One thing is clear, however: If repliclones are the underlying cause of a person’s lack of viral suppression, changing that person’s drug regimen or providing additional adherence counseling will have no effect. This means patients who are viremic despite antiretroviral treatment adherence and no resistance mutations would require close monitoring rather than having their regimen changed, study author John Mellors, M.D., counseled in a press release.

The findings could also complicate HIV cure research, since these sets of cloned cells may represent a previously unappreciated viral reservoir that needs to be addressed for a “shock and kill” strategy to work.

Providing rapid testing for HIV and hepatitis C (HCV) at a person’s point of care (e.g., a drug detoxification center) is a far more reliable way to ensure that people actually receive their results than sending samples to a lab, a study published in The Journal of Infectious Diseases showed. While the results may seem intuitive, they come amidst the reality that roughly half of U.S. state health department sites utilize lab testing (which can spot acute infections) instead of rapid testing (which cannot).

Two hundred people at a drug/alcohol detoxification center in Boston were randomized to receive rapid (n=98) or laboratory-based (n=102) testing. Ninety-six percent of participants in the rapid testing arm received their results compared to 42% in the lab-based arm. Overall, 0.5% received a new HIV diagnosis and 48% were seropositive for HCV.

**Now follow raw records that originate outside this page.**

(* Let $(X,\rho)$ be a symmetric quandle, $Y$ an $(X,\rho)$-set, $A$ an abelian group, and $\theta$ a $2$-cocycle of $C^*_{{\rm Q},\rho}(X,A)_Y$. Let $D$ be a diagram of an unoriented link in $\mathbb{R}^3$, and let $D^+$ be the diagram $D$ equipped with an arbitrary orientation. Then $\Phi_\theta(D)=\Phi^{\rm ori}_\theta(D^+)$ as multi-sets.
   Context: A quandle is a set $X$ with a binary operation $(x,y)\mapsto x^y$ such that $x^x=x$ for all $x$; for all $x,y$ there is a unique $z$ with $z^y=x$ (written $z=x^{y^{-1}}$); and $(x^y)^z=(x^z)^{(y^z)}$ for all $x,y,z$. A good involution of $X$ is a map $\rho:X\to X$ with $\rho\circ\rho={\rm id}$, $\rho(x^y)=\rho(x)^y$ and $x^{\rho(y)}=x^{y^{-1}}$ for all $x,y$; the pair $(X,\rho)$ is a symmetric quandle. Its associated group $G_{(X,\rho)}$ is the group with generators the elements of $X$ and relations $x^y=y^{-1}xy$ and $\rho(x)=x^{-1}$ ($x,y\in X$). An $(X,\rho)$-set is a set $Y$ with a right action of $G_{(X,\rho)}$; for $y\in Y$, $x\in X$ write $y^x$ for the action of (the image of) $x$, and $y^{x_1x_2}=(y^{x_1})^{x_2}$. Since $G_{(X,\rho)}$ is a quotient of the group $G_X=\langle X\mid x^y=y^{-1}xy\rangle$, $Y$ is also a right $G_X$-set. Chain complexes: for $n\ge1$ let $C_n(X)_Y$ be the free abelian group on $Y\times X^n$, $C_0(X)_Y$ the free abelian group on $Y$, and $C_n(X)_Y=0$ for $n<0$, with $\partial_n(y,x_1,\dots,x_n)=\sum_{i=1}^n(-1)^i\{(y,x_1,\dots,\widehat{x_i},\dots,x_n)-(y^{x_i},x_1^{x_i},\dots,x_{i-1}^{x_i},\widehat{x_i},x_{i+1},\dots,x_n)\}$ for $n\ge1$ and $\partial_n=0$ otherwise. Let $D^{\rm Q}_n(X)_Y$ be generated by the $(y,x_1,\dots,x_n)$ with $x_i=x_{i+1}$ for some $i$, and $D^\rho_n(X)_Y$ by the elements $(y,x_1,\dots,x_n)+(y^{x_i},x_1^{x_i},\dots,x_{i-1}^{x_i},\rho(x_i),x_{i+1},\dots,x_n)$, $1\le i\le n$. These are subcomplexes; set $C^{\rm Q}_*(X)_Y=C_*(X)_Y/D^{\rm Q}_*(X)_Y$ and $C^{{\rm Q},\rho}_*(X)_Y=C_*(X)_Y/(D^{\rm Q}_*(X)_Y+D^\rho_*(X)_Y)$, and for an abelian group $A$ let $C^*_{\rm Q}(X,A)_Y={\rm Hom}(C^{\rm Q}_*(X)_Y,A)$ and $C^*_{{\rm Q},\rho}(X,A)_Y={\rm Hom}(C^{{\rm Q},\rho}_*(X)_Y,A)$. A cocycle of $C^*_{{\rm Q},\rho}(X,A)_Y$ is, via the quotient map, also a cocycle of $C^*_{\rm Q}(X,A)_Y$. Unoriented colorings: for a link diagram $D\subset\mathbb{R}^2$, the semi-arcs are the arcs obtained by cutting the over-arcs of $D$ at the crossings. Assign to each semi-arc a normal orientation and an element of $X$ such that at each crossing: (i) if the two semi-arcs forming the over-arc are labeled $x_1,x_2$, then $x_1=x_2$ when their normal orientations are coherent and $x_1=\rho(x_2)$ otherwise; (ii) if the two under semi-arcs $e_1,e_2$ are labeled $x_1,x_2$ and one of the over semi-arcs, labeled $x_3$, has normal orientation pointing from $e_1$ to $e_2$, then $x_1^{x_3}=x_2$ when the normal orientations of $e_1,e_2$ are coherent and $x_1^{x_3}=\rho(x_2)$ otherwise. A basic inversion reverses the normal orientation of one semi-arc and replaces its label $x$ by $\rho(x)$. An $(X,\rho)$-coloring is an equivalence class of such assignments under basic inversions. An $(X,\rho)_Y$-coloring is an $(X,\rho)$-coloring together with an assignment of elements of $Y$ to the complementary regions of $D$ such that whenever a semi-arc labeled $x$ has normal orientation pointing from a region labeled $y_1$ to a region labeled $y_2$, then $y_1^x=y_2$. Weight of a crossing $v$: choose one of the regions $f$ around $v$, with label $y$; let $e_1$ (under) and $e_2$ (over) be the semi-arcs at $v$ facing $f$, with (after basic inversions) normal orientations $n_1,n_2$ pointing away from $f$ and labels $x_1,x_2$; let $\epsilon=+1$ if $(n_2,n_1)$ is a positive basis of $\mathbb{R}^2$ and $-1$ otherwise; the weight is $\epsilon(y,x_1,x_2)$. Put $c_{D,C}=\sum_v(\text{weight of }v)\in C^{{\rm Q},\rho}_2(X)_Y$ (this is independent of the choices), and $\Phi_\theta(D)=\{\theta(c_{D,C})\mid C\text{ an }(X,\rho)_Y\text{-coloring of }D\}$ as a multi-set. Oriented colorings: for an oriented diagram $D^+$, give each semi-arc the normal orientation such that (orientation vector, normal vector) is a positive basis of $\mathbb{R}^2$. An $X_Y$-coloring of $D^+$ assigns elements of $X$ to semi-arcs and of $Y$ to regions satisfying conditions (i), (ii) and the region condition above with these fixed normal orientations (so no basic inversions are used). The weight of a crossing and the chain $c_{D^+,C}\in C^{\rm Q}_2(X)_Y$ are defined in the same way, and $\Phi^{\rm ori}_\theta(D^+)=\{\theta(c_{D^+,C})\mid C\text{ an }X_Y\text{-coloring of }D^+\}$ as a multi-set. *)

theory Defs
  imports Main "HOL-Library.Equipollence"
begin

text \<open>A quandle is a type 'x with operation qop x y = x^y.\<close>
definition quandle :: "('x \<Rightarrow> 'x \<Rightarrow> 'x) \<Rightarrow> bool" where
  "quandle qop \<longleftrightarrow>
     (\<forall>x. qop x x = x) \<and>
     (\<forall>x y. \<exists>!z. qop z y = x) \<and>
     (\<forall>x y z. qop (qop x y) z = qop (qop x z) (qop y z))"

text \<open>qinv qop x y is x^(y^-1), the unique z with z^y = x.\<close>
definition qinv :: "('x \<Rightarrow> 'x \<Rightarrow> 'x) \<Rightarrow> 'x \<Rightarrow> 'x \<Rightarrow> 'x" where
  "qinv qop x y = (THE z. qop z y = x)"

definition good_involution :: "('x \<Rightarrow> 'x \<Rightarrow> 'x) \<Rightarrow> ('x \<Rightarrow> 'x) \<Rightarrow> bool" where
  "good_involution qop \<rho> \<longleftrightarrow>
     (\<forall>x. \<rho> (\<rho> x) = x) \<and>
     (\<forall>x y. \<rho> (qop x y) = qop (\<rho> x) y) \<and>
     (\<forall>x y. qop x (\<rho> y) = qinv qop x y)"

definition symmetric_quandle :: "('x \<Rightarrow> 'x \<Rightarrow> 'x) \<Rightarrow> ('x \<Rightarrow> 'x) \<Rightarrow> bool" where
  "symmetric_quandle qop \<rho> \<longleftrightarrow> quandle qop \<and> good_involution qop \<rho>"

The study also highlighted issues further down the continuum of care: Once notified, only 6% of participants who tested positive were linked to care within four months. Emergency department visits after leaving the detox center would have been an opportunity for linkage to care had the center’s test results been available to the ED, study authors noted.

This already-low follow-up rate has likely worsened in the wake of COVID-19, a press release noted. "We hope that these findings will encourage changes in local and national HIV and HCV testing practices and policy at non-hospital-based settings caring for populations at-risk during the opioid epidemic," study author Sabrina Assoumou, M.D., M.P.H., stated in the release.

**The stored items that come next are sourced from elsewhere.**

lemma expectation_diff_t_inv_le:
  fixes X :: "'a \<Rightarrow> real^'p" and f \<phi> :: "ereal^'p \<Rightarrow> real"
  assumes "prob_space M" and Xm: "X \<in> borel_measurable M"
    and Xnn: "\<And>\<omega> i. \<omega> \<in> space M \<Longrightarrow> 0 \<le> X \<omega> $ i"
    and f: "f \<in> borel_measurable borel" "\<And>x. 0 \<le> f x" "\<And>x. f x \<le> B"
    and \<phi>: "\<phi> \<in> borel_measurable borel" "\<And>x. 0 \<le> \<phi> x" "\<And>x. \<phi> x \<le> C"
    and close: "\<And>u v. (\<And>i. 0 \<le> u$i) \<Longrightarrow> (\<And>i. \<bar>u$i - v$i\<bar> < \<delta>) \<Longrightarrow>
       \<bar>f (ereal_vec u) - f (ereal_vec v)\<bar> \<le> \<epsilon> * \<phi> (ereal_vec u)"
    and b: "0 < b" and k: "0 < k" "inverse b + k \<le> \<delta>" and \<epsilon>: "0 \<le> \<epsilon>"
  shows "\<bar>(\<integral>\<omega>. f (\<chi> i. ereal (inverse b) * t_inv (ereal (X \<omega> $ i))) \<partial>M)
           - (\<integral>\<omega>. f (\<chi> i. ereal (inverse b) * ereal (X \<omega> $ i)) \<partial>M)\<bar>
         \<le> \<epsilon> * (\<integral>\<omega>. \<phi> (\<chi> i. ereal (inverse b) * ereal (X \<omega> $ i)) \<partial>M)
           + B * (\<Sum>i\<in>UNIV. measure M {\<omega> \<in> space M. X \<omega> $ i \<le> exp (- k * b)})"
proof -
  interpret prob_space M by fact
  define Xb where "Xb \<omega> = (\<chi> i. ereal (inverse b) * ereal (X \<omega> $ i))" for \<omega>
  define Yb where "Yb \<omega> = (\<chi> i. ereal (inverse b) * t_inv (ereal (X \<omega> $ i)))" for \<omega>
  define A where "A i = {\<omega> \<in> space M. X \<omega> $ i \<le> exp (- k * b)}" for i
  define D where "D \<omega> = \<epsilon> * \<phi> (Xb \<omega>) + B * (\<Sum>i\<in>UNIV. indicator (A i) \<omega>)" for \<omega>
  have Xbm: "Xb \<in> borel_measurable M" unfolding Xb_def
    by (intro borel_measurable_vec_map[OF _ Xm] continuous_on_cmult_ereal continuous_on_ereal
        continuous_on_id) simp
  have Ybm: "Yb \<in> borel_measurable M" unfolding Yb_def
    by (intro borel_measurable_vec_map[OF _ Xm] continuous_on_cmult_ereal
        continuous_on_compose2[OF continuous_on_t_inv] continuous_on_ereal continuous_on_id) auto
  have Am: "A i \<in> sets M" for i
    using borel_measurable_vec_component[OF Xm] unfolding A_def by measurable
  have pointwise: "\<bar>f (Yb \<omega>) - f (Xb \<omega>)\<bar> \<le> D \<omega>" if "\<omega> \<in> space M" for \<omega>
    using test_function_t_inv_diff_le[where f=f and \<phi>=\<phi> and x="X \<omega>",
        OF f(2,3) \<phi>(2) close b k \<epsilon> Xnn[OF that]] that
    by (simp add: Xb_def Yb_def D_def A_def indicator_def of_bool_def)
  have fY: "integrable M (\<lambda>\<omega>. f (Yb \<omega>))"
    using f measurable_compose[OF Ybm f(1)] by (intro integrable_const_bound[where B=B]) auto
  have fX: "integrable M (\<lambda>\<omega>. f (Xb \<omega>))"
    using f measurable_compose[OF Xbm f(1)] by (intro integrable_const_bound[where B=B]) auto
  have \<phi>X: "integrable M (\<lambda>\<omega>. \<phi> (Xb \<omega>))"
    using \<phi> measurable_compose[OF Xbm \<phi>(1)] by (intro integrable_const_bound[where B=C]) auto
  have IA: "integrable M (indicator (A i) :: 'a \<Rightarrow> real)" for i
    using Am by (intro integrable_const_bound[where B=1]) auto
  have ID: "integrable M D" unfolding D_def using \<phi>X IA by simp
  have "\<bar>(\<integral>\<omega>. f (Yb \<omega>) \<partial>M) - (\<integral>\<omega>. f (Xb \<omega>) \<partial>M)\<bar> = \<bar>\<integral>\<omega>. f (Yb \<omega>) - f (Xb \<omega>) \<partial>M\<bar>"
    using fY fX by simp
  also have "\<dots> \<le> (\<integral>\<omega>. \<bar>f (Yb \<omega>) - f (Xb \<omega>)\<bar> \<partial>M)" by (rule integral_abs_bound)
  also have "\<dots> \<le> integral\<^sup>L M D"
    using pointwise fY fX ID by (intro integral_mono) auto
  also have "\<dots> = \<epsilon> * (\<integral>\<omega>. \<phi> (Xb \<omega>) \<partial>M) + B * (\<Sum>i\<in>UNIV. \<integral>\<omega>. indicator (A i) \<omega> \<partial>M)"
    using \<phi>X IA unfolding D_def by (simp add: integral_sum)
  also have "\<dots> = \<epsilon> * (\<integral>\<omega>. \<phi> (Xb \<omega>) \<partial>M) + B * (\<Sum>i\<in>UNIV. measure M (A i))"
    using Am by (simp add: Int_absorb2 sets.sets_into_space)
  finally show ?thesis by (simp add: Xb_def Yb_def A_def)
qed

It makes little difference which modern antiretroviral regimen people living with HIV start taking, as long as they begin treatment soon after seroconversion, a retrospective cohort study published in AIDS found.

Researchers compared thethree-year efficacy of protease inhibitor-based (n=28), integrase strand transfer inhibitor-based (n=87), and non-nucleoside reverse transcriptase inhibitor-based (n=22) regimens initiated during acute or early HIV. Overall, 96% of participants were virally suppressed after one year and 99% after three years. Viral suppression rates one and three years later were comparable across arms, as was CD4 cell reconstitution. Starting antiretroviral treatment at an earlier Fiebig stage (which is used to measure HIV disease progression) was associated with a higher rate of people who have a CD4 cell count over 900 cells/µL.

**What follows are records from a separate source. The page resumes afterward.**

lemma I_fun_at_neg_nat:
  assumes m: "0 < m" and n: "n \<in> {1..m - 1}"
  shows "I_fun (- of_nat n) m = complex_of_real
           ((-1) ^ (n - 1) / fact (n - 1) *
            (\<Sum>k=1..m. (-1) ^ k * real (m choose k) * real k ^ n * ln (real k)))"
proof -
  define z :: complex where "z = - of_nat n"
  define c :: complex where "c = (-1) ^ (n - 1) / fact (n - 1)"
  define S' where
    "S' = (\<Sum>k=1..m. (-1) ^ k * of_nat (m choose k) * (of_real (ln (real k)) / of_nat k powr z))"
  have "((\<lambda>a. Gamma (a + 1) * (a - z)) \<longlongrightarrow> c) (at z)"
    using Gamma_plus_1_residues[of n] n by (simp add: z_def c_def)
  then have "((\<lambda>a. Gamma (a + 1) * binomial_dirichlet_sum m a) \<longlongrightarrow> c * S') (at z)"
    using binomial_dirichlet_sum_has_field_derivative binomial_dirichlet_sum_neg_nat[OF m n]
    unfolding S'_def z_def by (intro tendsto_mult_at_simple_pole)
  moreover have "n < m"
    using n by auto
  ultimately have "((\<lambda>a. I_fun a m) \<longlongrightarrow> c * S') (at z)"
    unfolding z_def by (simp add: tendsto_cong[OF eventually_I_fun_eq_Gamma_mult_at_neg_nat[OF m]])
  moreover have "- real m < Re z"
    using n by (auto simp: z_def)
  then have "((\<lambda>a. I_fun a m) \<longlongrightarrow> I_fun z m) (at z)"
    using DERIV_isCont[OF I_fun_has_field_derivative[OF m]] by (simp add: isCont_def)
  ultimately have "I_fun z m = c * S'"
    by (rule tendsto_unique[OF at_neq_bot, rotated])
  also have "S' = of_real (\<Sum>k=1..m. (-1) ^ k * real (m choose k) * real k ^ n * ln (real k))"
    unfolding S'_def of_real_sum
  proof (rule sum.cong[OF refl])
    fix k
    assume "k \<in> {1..m}"
    then have "of_nat k powr z = inverse (of_nat k ^ n)"
      by (simp add: z_def powr_minus)
    then show "(-1) ^ k * of_nat (m choose k) * (of_real (ln (real k)) / of_nat k powr z)
        = of_real ((-1) ^ k * real (m choose k) * real k ^ n * ln (real k))"
      by (simp add: divide_inverse mult_ac)
  qed
  finally show ?thesis
    unfolding z_def c_def by simp
qed

lemma I_weight_ln_integrable:
  assumes "0 < m"
  shows "set_integrable lborel {0<..} (\<lambda>y::real. exp (- y) * (1 - exp (- y)) ^ (m - 1) * ln y)"
proof -
  have "set_integrable lborel {0<..} (\<lambda>y. y powr 0 * I_weight m y * ln y)"
    using assms by (intro powr_f_ln_integrable[where \<sigma> = "- real m"])
      (auto intro: powr_I_weight_integrable I_weight_nonneg)
  moreover have "(\<lambda>y. indicator {0<..} y *\<^sub>R (y powr 0 * I_weight m y * ln y))
      = (\<lambda>y. indicator {0<..} y *\<^sub>R (exp (- y) * (1 - exp (- y)) ^ (m - 1) * ln y))"
    by (auto simp: I_weight_def indicator_def)
  ultimately show ?thesis
    unfolding set_integrable_def by (simp only:)
qed

lemma I_fun_has_field_derivative_0:
  assumes "0 < m"
  shows "((\<lambda>a. I_fun a m) has_field_derivative
           complex_of_real
             (real m * (LINT y:{0<..}|lborel. exp (- (y::real)) * (1 - exp (- y)) ^ (m - 1) * ln y)))
         (at 0)"
proof -
  have "(LINT y:{0<..}|lborel. of_real (ln y) * (of_real y powr 0 * of_real (I_weight m y)))
          = (LINT y:{0<..}|lborel. complex_of_real (exp (- y) * (1 - exp (- y)) ^ (m - 1) * ln y))"
    by (rule set_lebesgue_integral_cong) (auto simp: I_weight_def)
  also have "\<dots> = of_real (LINT y:{0<..}|lborel. exp (- y) * (1 - exp (- y)) ^ (m - 1) * ln y)"
    by (rule set_integral_complex_of_real)
  finally show ?thesis
    using I_fun_has_field_derivative[OF assms, of 0] assms by simp
qed

lemma Gamma_mult_binomial_dirichlet_sum_has_field_derivative_0:
  assumes m: "0 < m"
  shows "((\<lambda>a. Gamma (a + 1) * binomial_dirichlet_sum m a) has_field_derivative
           of_real (- euler_mascheroni - (\<Sum>k=1..m. (-1) ^ (k - 1) * real (m choose k) * ln (real k))))
         (at 0)"
proof -
  define S' where "S' = (\<Sum>k=1..m. (-1) ^ k * of_nat (m choose k) *
                            (of_real (ln (real k)) / of_nat k powr (0 :: complex)))"
  have "(Gamma has_field_derivative Gamma 1 * Digamma 1) (at ((0 :: complex) + 1))"
    using has_field_derivative_Gamma[of "1 :: complex" UNIV] by simp
  moreover have "((\<lambda>a. a + 1) has_field_derivative 1) (at (0 :: complex))"
    by (auto intro!: derivative_eq_intros)
  ultimately have "((\<lambda>a. Gamma (a + 1)) has_field_derivative Gamma 1 * Digamma 1 * 1)
                     (at (0 :: complex))"
    by (rule DERIV_chain2)
  then have "((\<lambda>a. Gamma (a + 1) * binomial_dirichlet_sum m a) has_field_derivative
                Gamma 1 * Digamma 1 * 1 * binomial_dirichlet_sum m 0 + S' * Gamma (0 + 1)) (at 0)"
    unfolding S'_def by (rule DERIV_mult[OF _ binomial_dirichlet_sum_has_field_derivative])
  moreover have "S' = - of_real (\<Sum>k=1..m. (-1) ^ (k - 1) * real (m choose k) * ln (real k))"
    unfolding S'_def of_real_sum sum_negf[symmetric]
  proof (rule sum.cong[OF refl])
    fix k
    assume "k \<in> {1..m}"
    then obtain j where "k = Suc j"
      by (cases k) auto
    then show "(-1) ^ k * of_nat (m choose k) * (of_real (ln (real k)) / of_nat k powr (0 :: complex))
        = - of_real ((-1) ^ (k - 1) * real (m choose k) * ln (real k))"
      by (simp del: of_nat_Suc)
  qed
  ultimately show ?thesis
    using binomial_dirichlet_sum_0[OF m] by simp
qed

lemma I_weight_ln_integral:
  assumes m: "0 < m"
  shows "real m * (LINT y:{0<..}|lborel. exp (- (y::real)) * (1 - exp (- y)) ^ (m - 1) * ln y)
           = - euler_mascheroni - (\<Sum>k=1..m. (-1) ^ (k - 1) * real (m choose k) * ln (real k))"
proof -
  have "((\<lambda>a. Gamma (a + 1) * binomial_dirichlet_sum m a) has_field_derivative
          complex_of_real
            (real m * (LINT y:{0<..}|lborel. exp (- (y::real)) * (1 - exp (- y)) ^ (m - 1) * ln y)))
        (at 0)"
  proof (rule has_field_derivative_transform_within_open[OF I_fun_has_field_derivative_0[OF m],
        of "ball 0 1"])
    show "I_fun a m = Gamma (a + 1) * binomial_dirichlet_sum m a" if "a \<in> ball 0 1" for a
    proof -
      have "\<bar>Re a\<bar> < 1"
        using that abs_Re_le_cmod[of a] by simp
      then show ?thesis
        using mellin_I_weight[OF m, of a] unfolding I_fun_eq_mellin by simp
    qed
  qed auto
  from DERIV_unique[OF this Gamma_mult_binomial_dirichlet_sum_has_field_derivative_0[OF m]]
  show ?thesis
    by (simp only: of_real_eq_iff)
qed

The findings are especially important for resource-limited settings, where NNRTI-based regimens are still a common first-line treatment, study authors noted. Results show that this older antiretroviral treatment is just as effective as the newer INSTIs, although they did note that INSTIs were generally better tolerated than PIs or NNRTIs.

Study limitations included the small number of participants and the fact that few women were included in the study.